Gas makes it easy to go from getting home to cooking within minutes. You do get what you pay for when it comes down to quality. I know it doesn't help much right now, just about to start the grilling season, but the best time to buy would be in the fall before winter. Found my Weber on sale at Home Depot around this time.

Good luck.


----------



## w_r_ranch (Jan 14, 2005)

Per your price range:

*Char-Broil TRU-Infrared Commercial 2-Burner*

*Char-Broil Classic 480*

*Dyna-Glo 2-Burner DGP350SNP-D Gas Grill*

If you went to the $300-400 range, you would get a more grill... but I'm sure you know that.

*Char-Broil Classic 6-Burner*

*Dyna-Glo 4-Burner DGA 480BSP Gas Grill*


----------



## H2 (Jan 11, 2005)

w_r_ranch said:


> Per your price range:
> 
> *Char-Broil TRU-Infrared Commercial 2-Burner*
> 
> ...


I've quit buying expensive gas grills and just purchased my second Char-Broil grill above, first one lasted 3 years. We only grill burgers, steaks that require very high temps, can't beat the infrared Char-Broil.

I bought mine at Academy for around $220 assembled. After three years and chunk it ,get a new one.


----------



## GoneSouth (Jun 4, 2010)

I had the Academy combo and really liked the versatility. But it barely lasted 2 years. I recently found a new grill called Portable Kitchen. It is cast aluminum. I had one of these years ago that my dad gave to me. And he had gotten it from my grandmother. It is charcoal but I found going back to basics is better. I think it is about $300 or a little less. 

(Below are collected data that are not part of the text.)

lemma almost_monotone_has_limit:
  fixes h :: "real \<Rightarrow> real"
  assumes R: "0 < R" and C: "0 \<le> C"
    and below: "\<And>r. 0 < r \<Longrightarrow> r \<le> R \<Longrightarrow> m \<le> h r"
    and almost_mono: "\<And>r s. 0 < r \<Longrightarrow> r < s \<Longrightarrow> s \<le> R \<Longrightarrow> h r \<le> h s + C * s"
  shows "\<exists>L. (h \<longlongrightarrow> L) (at_right 0)"
proof
  define A where "A = (\<lambda>s. h s + C * s) ` {0<..R}"
  have "A \<noteq> {}"
    using R by (simp add: A_def)
  have "bdd_below A"
  proof (rule bdd_belowI)
    fix x assume "x \<in> A"
    then obtain s where "0 < s" "s \<le> R" "x = h s + C * s"
      by (auto simp: A_def)
    then show "m \<le> x"
      using below[of s] C by (simp add: add_increasing2)
  qed
  then have Inf_le: "Inf A \<le> h s + C * s" if "0 < s" "s \<le> R" for s
    using that by (intro cInf_lower) (auto simp: A_def)
  show "(h \<longlongrightarrow> Inf A) (at_right 0)"
  proof (rule tendstoI)
    fix \<epsilon> :: real assume "0 < \<epsilon>"
    then obtain s0 where s0: "0 < s0" "s0 \<le> R" "h s0 + C * s0 < Inf A + \<epsilon>"
      using cInf_lessD[OF \<open>A \<noteq> {}\<close>, of "Inf A + \<epsilon>"] by (auto simp: A_def)
    have "dist (h r) (Inf A) < \<epsilon>" if r: "0 < r" "r < min s0 (\<epsilon> / (C + 1))" for r
    proof -
      have "h r < Inf A + \<epsilon>"
        using almost_mono[of r s0] r s0 by simp
      moreover have "(C + 1) * r < \<epsilon>"
        using r C by (simp add: pos_less_divide_eq mult.commute)
      then have "C * r < \<epsilon>"
        using r by (simp add: distrib_right)
      then have "Inf A - \<epsilon> < h r"
        using Inf_le[of r] r s0 by simp
      ultimately show ?thesis
        by (simp add: dist_real_def abs_less_iff)
    qed
    moreover have "0 < min s0 (\<epsilon> / (C + 1))"
      using s0 \<open>0 < \<epsilon>\<close> C by simp
    ultimately show "\<forall>\<^sub>F r in at_right 0. dist (h r) (Inf A) < \<epsilon>"
      unfolding eventually_at_right_field by blast
  qed
qed

lemma S_plus_has_limit:
  fixes u :: "'a::euclidean_space \<Rightarrow> real"
  assumes "open U" and sub: "cone_subsolution U u M" and cont: "continuous_on U u"
    and K: "M < 2 * K" "0 < K" and "y \<in> U"
  shows "\<exists>A. (S_plus u y \<longlongrightarrow> A) (at_right 0)"
proof -
  obtain R where R: "0 < R" "cball y R \<subseteq> U"
    using \<open>open U\<close> \<open>y \<in> U\<close> open_contains_cball by blast
  have ball: "cball y s \<subseteq> U" if "s \<le> R" for s
    using subset_cball[OF that] R(2) by blast
  show ?thesis
  proof (rule almost_monotone_has_limit[OF R(1)])
    show "0 \<le> 3 * K"
      using K by simp
    show "- K * R \<le> S_plus u y r" if "0 < r" "r \<le> R" for r
    proof -
      have "- K * R \<le> - K * r"
        using K that by simp
      then show ?thesis
        using S_plus_lower_bound[OF sub cont K ball[OF that(2)] that(1)] by linarith
    qed
    show "S_plus u y r \<le> S_plus u y s + 3 * K * s" if "0 < r" "r < s" "s \<le> R" for r s
      using S_plus_almost_monotone[OF sub cont K ball[OF that(3)] that(1,2)] .
  qed
qed

lemma cball_subset_cball_of_sphere:
  fixes y z :: "'a::metric_space"
  assumes "z \<in> sphere y r"
  shows "cball z s \<subseteq> cball y (r + s)"
proof
  fix x assume "x \<in> cball z s"
  then have "dist y z + dist z x \<le> r + s"
    using assms by simp
  then show "x \<in> cball y (r + s)"
    using dist_triangle[of y x z] by simp
qed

When my sons visit the remember the old grill we had 20 years ago. So I bought it out of nostalgia but use it because it works so well.


----------



## inventurous (May 30, 2009)

Having gone through many grills before my Weber, if I had that budget, I'd probably browse Craigslist and local garage/estate sales for a gently used one and clean it up. Just replaced the flavorizer bars on mine after 6 years of use and it cooks like the day I brought it home.


----------



## fangard (Apr 18, 2008)

Make sure you have a charcoal chimney(or two). That will help greatly reduce the start up time of charcoal vs gas.


----------



## Holiday (Jul 31, 2006)

I'm in that dilemma too.....buy a cheap grill and throw it out when it breaks, or spend big bucks on one that supposed to last 10-15 years. Right now, I think I'm going the Weber route.


----------